Another example is from my own business, Actix. It took 15 years to build the company to a $100m+ exit. Around 350 people were employed at some point in the journey and, of those, around 250 were with the business at exit. These 250 shared in the exit proceeds – the other 100 didn’t. I think that was right and fair. People knew all along what the terms of the options were and I had absolutely no dissent from anyone about them. Other businesses in the industry had much higher staff turnover and I suspect this was partly because of the non-vesting option scheme. But it was also because we were a great team that stuck together and worked hard for the end goal – I’d like to think a lot of people would have done that whether they had options or not – but it was also great to get the payback!

Compensation and Recycling Options

I think options can help to make up for lower salaries in startups – but only if they don’t vest. Options can be an incentive to lure talent to a startup and keep salaries in the company in check – which gives the company more runway and a better chance of success. But if the options vest then the incentive to keep a check on salaries is gone. This actually creates unfairness because some people doing a particular job might have fully-vested options while others don’t – so the ones with fully-vested options will probably expect, and get, higher salaries – again, is that fair?

Options are just one of the many elements of employee compensation – others being: salary, working conditions, startup culture, doing something exciting, being part of a great team, cash bonuses and other perks, etc. It doesn’t make sense to try to use options for something they aren’t fit for.

Options which are recovered from departing employees result in un-dilution (concentration I guess?) and this benefits everyone in the business who stays with the team. They can also be used to hire even stronger replacements (assuming the business is progressing) for the exact people who are leaving – resulting in the business having more chance of success – rather than simply being wounded by the loss of the early employee.

On Fairness

I also dispute the assertion that vesting is “fair” and businesses who don’t have a vesting schedule for their options are being “unfair” to their employees. Fairness is not an absolute – it is a judgement – and it is always easier to assess in hindsight.

For instance: is it fairer that a guy who worked for a company for 4 years but left 10 years ago was given options in the early days when grants were larger and has more of a share in an exit than the guy who replaced him and has been with the business for the last 8 years when all the real value creation happened? And what would your opinion on this be if the “4 year guy” had been working for a direct competitor for the last 5 years?

Fairness is really about whether a company did what it said it would do. If you say from the outset that options are non-vesting then there is no unfairness in taking them away when people leave the business. And if the company decides to allow an employee to keep part or all of their options when they leave then you can do it with the benefit of hindsight. If the same people are running the company at that point then they will do the right thing – whatever that is.

Edge Cases

Another question I am asked is: “So what if an employee is forced to leave, against their will, by some event or health issue?”

The answer is, as mentioned earlier, that the company can always use its discretion to modify the terms as it desires.

For instance: If a loyal employee is too sick to continue working then the company can decide to vest all their options immediately – and then either allow them to exercise the options and retain a stake or buy them back at some agreed rate which might benefit the sick employee more.

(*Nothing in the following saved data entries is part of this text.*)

(* Let $\mathscr{D}_n^\gamma$ be the set of all $n$-vertex trees with domination number $\gamma$. If $T\in\mathscr{D}_n^\gamma$ has the maximum value of $\xi^{ee}$ over $\mathscr{D}_n^\gamma$, then $\gamma(T)=\beta(T)=\gamma$, where $\beta(T)$ is the matching number of $T$.
   Context: For a vertex $x$ of a connected graph $G$, $\varepsilon_G(x)$ is its eccentricity and $d_G(x)$ its degree; $\xi^{ee}(G)=\sum_{uv\in E(G)}\left(\frac{1}{\varepsilon_G(u)}+\frac{1}{\varepsilon_G(v)}\right)=\sum_{x}\frac{d_G(x)}{\varepsilon_G(x)}$. The domination number $\gamma(G)$ is the minimum size of a set $D$ of vertices such that every vertex is in $D$ or adjacent to a vertex of $D$; the matching number $\beta(G)$ is the maximum number of pairwise disjoint edges. *)

theory Defs
  imports Complex_Main
begin

definition simple_graph :: "'a set \<Rightarrow> 'a set set \<Rightarrow> bool" where
  "simple_graph V E \<longleftrightarrow> finite V \<and> (\<forall>e\<in>E. e \<subseteq> V \<and> card e = 2)"

definition is_walk :: "'a set \<Rightarrow> 'a set set \<Rightarrow> 'a list \<Rightarrow> bool" where
  "is_walk V E xs \<longleftrightarrow> xs \<noteq> [] \<and> set xs \<subseteq> V \<and>
     (\<forall>i < length xs - 1. {xs ! i, xs ! Suc i} \<in> E)"

definition connected_graph :: "'a set \<Rightarrow> 'a set set \<Rightarrow> bool" where
  "connected_graph V E \<longleftrightarrow>
     (\<forall>u\<in>V. \<forall>v\<in>V. \<exists>xs. is_walk V E xs \<and> hd xs = u \<and> last xs = v)"

definition has_cycle :: "'a set \<Rightarrow> 'a set set \<Rightarrow> bool" where
  "has_cycle V E \<longleftrightarrow>
     (\<exists>xs. is_walk V E xs \<and> distinct xs \<and> length xs \<ge> 3 \<and> {last xs, hd xs} \<in> E)"

definition is_tree :: "'a set \<Rightarrow> 'a set set \<Rightarrow> bool" where
  "is_tree V E \<longleftrightarrow> simple_graph V E \<and> V \<noteq> {} \<and> connected_graph V E \<and> \<not> has_cycle V E"

definition gdist :: "'a set \<Rightarrow> 'a set set \<Rightarrow> 'a \<Rightarrow> 'a \<Rightarrow> nat" where
  "gdist V E u v = (LEAST k. \<exists>xs. is_walk V E xs \<and> hd xs = u \<and> last xs = v \<and> length xs = Suc k)"

definition ecc :: "'a set \<Rightarrow> 'a set set \<Rightarrow> 'a \<Rightarrow> nat" where
  "ecc V E x = Max ((\<lambda>y. gdist V E x y) ` V)"

definition degree :: "'a set set \<Rightarrow> 'a \<Rightarrow> nat" where
  "degree E x = card {e \<in> E. x \<in> e}"

definition xi_ee :: "'a set \<Rightarrow> 'a set set \<Rightarrow> real" where
  "xi_ee V E = (\<Sum>x\<in>V. real (degree E x) / real (ecc V E x))"

definition dominating_set :: "'a set \<Rightarrow> 'a set set \<Rightarrow> 'a set \<Rightarrow> bool" where
  "dominating_set V E D \<longleftrightarrow> D \<subseteq> V \<and> (\<forall>v\<in>V. v \<in> D \<or> (\<exists>u\<in>D. {u, v} \<in> E))"

definition domination_number :: "'a set \<Rightarrow> 'a set set \<Rightarrow> nat" where
  "domination_number V E = Min (card ` {D. dominating_set V E D})"

definition is_matching :: "'a set set \<Rightarrow> 'a set set \<Rightarrow> bool" where
  "is_matching E M \<longleftrightarrow> M \<subseteq> E \<and> (\<forall>e1\<in>M. \<forall>e2\<in>M. e1 \<noteq> e2 \<longrightarrow> e1 \<inter> e2 = {})"

definition matching_number :: "'a set set \<Rightarrow> nat" where
  "matching_number E = Max (card ` {M. is_matching E M})"

end

theory Submission
  imports Defs
begin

Or: if the company decides that an employee leaving because her/his partner has been offered a great job in another town or country is a reasonable case for using these powers then it can allow them to retain some or all options (they would probably have to convert them to shares in most countries).

And if the question comes: “What if the people making the decisions in the company at this point aren’t so nice and don’t see things so fairly?”

Then my answer is this: “You are going to have much bigger things to worry about than this if you sold your soul to a bunch of professional investors who don’t give a damn about your employees. And if you really had no choice then you should have created a change of control event at the point this shift took place and that would have triggered the options to become exercisable so people could make their own choices whether to stick around in the new regime”.

If you trust yourself to make good decisions about your employees now, when you have no idea of the twists and turns that your business will take, then why don’t you trust your future self to make good decisions too? Indeed your future self will be able to make much better decisions because you will have the benefit of hindsight. If you really want to allow an employee to keep his options at the point of leaving then you can make that decision. But the normal case will be that they lose them and that is fair for everyone.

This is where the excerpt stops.